Records from a data collection:
(* Consider the inexact version of EDANNI described in the context, and assume: (A1) bounded delay: there is an integer $\tau\ge0$ such that for every $i\in[m]$ and $t\ge0$, $i\in\mathcal{A}_t\cup\cdots\cup\mathcal{A}_{\max\{t-\tau,0\}}$; (A2) each $\mathcal{L}_j$ is differentiable with $L$-Lipschitz gradient; (A3) each $\mathcal{L}_j$ is strongly convex with modulus $\sigma^2>0$: $\mathcal{L}_j(x)\ge\mathcal{L}_j(y)+\langle\nabla\mathcal{L}_j(y),x-y\rangle+\frac{\sigma^2}{2}\|x-y\|^2$ for all $x,y$; (A5) there is a constant $c_1>0$ with $\|\epsilon^t\|^2<c_1\|x^t-x^{t-1}\|^2$ for all $t>0$. Let $\delta>0$ and $\delta_1>(2L+\rho+1)/\sigma^2$, set $D:=\frac{\rho}{2}(1+\delta_1)+\delta_1$ and $\eta:=1+\frac1D$, and suppose $\frac{\delta_1L+\frac{\rho}{2}(1+\delta_1)+\frac12}{D}+\frac{3L}{2}-\frac{\rho-1}{2}+L\delta\tau<0$ and $\frac{\delta_1L+\frac{\rho}{2}(1+\delta_1)+\frac12}{D}+\frac{3L}{2}-\frac{\rho-1}{2}+L\delta\tau-\frac{(\rho-c_1)\eta}{2}+\Big(\frac{L}{\delta}+\frac{\frac{\delta_1}{2}L^2\tau}{D}\Big)\frac{\eta^\tau-1}{\eta-1}+\frac{c_1\eta}{D}<0.$ Then the sequence generated by inexact EDANNI satisfies, for all $t\ge0$, $0\le F(x^{t+1},x^t)-F(x^*,x^* )\le\frac{1}{\eta^t}\big(F(x^1,x^0)-F(x^*,x^* )\big).$
   Context: Problem setting: integers $m\ge 2$, $n\ge1$, $p\ge1$. For $j\in[m]$, $i\in[n]$, $l_{ji}:\mathbb{R}^p\to\mathbb{R}$ are smooth loss functions; $h:\mathbb{R}^p\to\mathbb{R}\cup\{+\infty\}$ is proper, lower semicontinuous and convex. $\mathcal{L}_j(x)=\frac1n\sum_{i}l_{ji}(x)$, $\mathcal{L}(x)=\frac1m\sum_j\mathcal{L}_j(x)+h(x)$, and $x^*$ is the minimizer of $\mathcal{L}$. Machine 1 is the master. Inexact EDANNI: given $x^0$ and $\rho\ge0$, at each iteration $t=0,1,\dots$ there is a set $\mathcal{A}_t\subseteq[m]$ of machines whose gradients arrive at iteration $t$, with $\mathcal{A}_0=[m]$; $t_j$ is the latest iteration $s\le t$ with $j\in\mathcal{A}_s$ (with $t_1=t$). The master computes $x^{t+1}$ such that for some error vector $\epsilon^t$, $\epsilon^t\in\nabla\mathcal{L}_1(x^{t+1})+\frac1m\sum_{j\in[m]}\nabla\mathcal{L}_j(x^{t_j})-\nabla\mathcal{L}_1(x^{t_1})+\partial h(x^{t+1})+\rho(x^{t+1}-x^t).$ Define $F(x,y)=\frac1m\sum_{j\in[m]}\mathcal{L}_j(x)+\frac{\rho}{2}\|x-y\|^2+h(x)$, so $F(x^*,x^* )=\mathcal{L}(x^* )$. *)

theory Defs
  imports "HOL-Analysis.Analysis"
begin

(* Smoothness (C^infinity) of a real-valued function on a Euclidean space:
   it is continuous and all its partial derivatives exist and are again smooth
   (greatest fixed point, i.e. partial derivatives of every order exist and are continuous). *)
coinductive smooth_fun :: "('a::euclidean_space \<Rightarrow> real) \<Rightarrow> bool" where
  "continuous_on UNIV f \<Longrightarrow>
   (\<forall>b\<in>Basis. \<exists>g. (\<forall>x. ((\<lambda>s. f (x + s *\<^sub>R b)) has_real_derivative g x) (at 0)) \<and> smooth_fun g)
   \<Longrightarrow> smooth_fun f"

definition proper_fun :: "('a \<Rightarrow> ereal) \<Rightarrow> bool" where
  "proper_fun h \<longleftrightarrow> (\<forall>x. h x \<noteq> -\<infinity>) \<and> (\<exists>x. h x \<noteq> \<infinity>)"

_WHAT THIS TASK INVOLVES:_
Lines above that have "infinity": copy each of them.

_ANSWER TO THIS PROBLEM:_
(* Smoothness (C^infinity) of a real-valued function on a Euclidean space:
  "proper_fun h \<longleftrightarrow> (\<forall>x. h x \<noteq> -\<infinity>) \<and> (\<exists>x. h x \<noteq> \<infinity>)"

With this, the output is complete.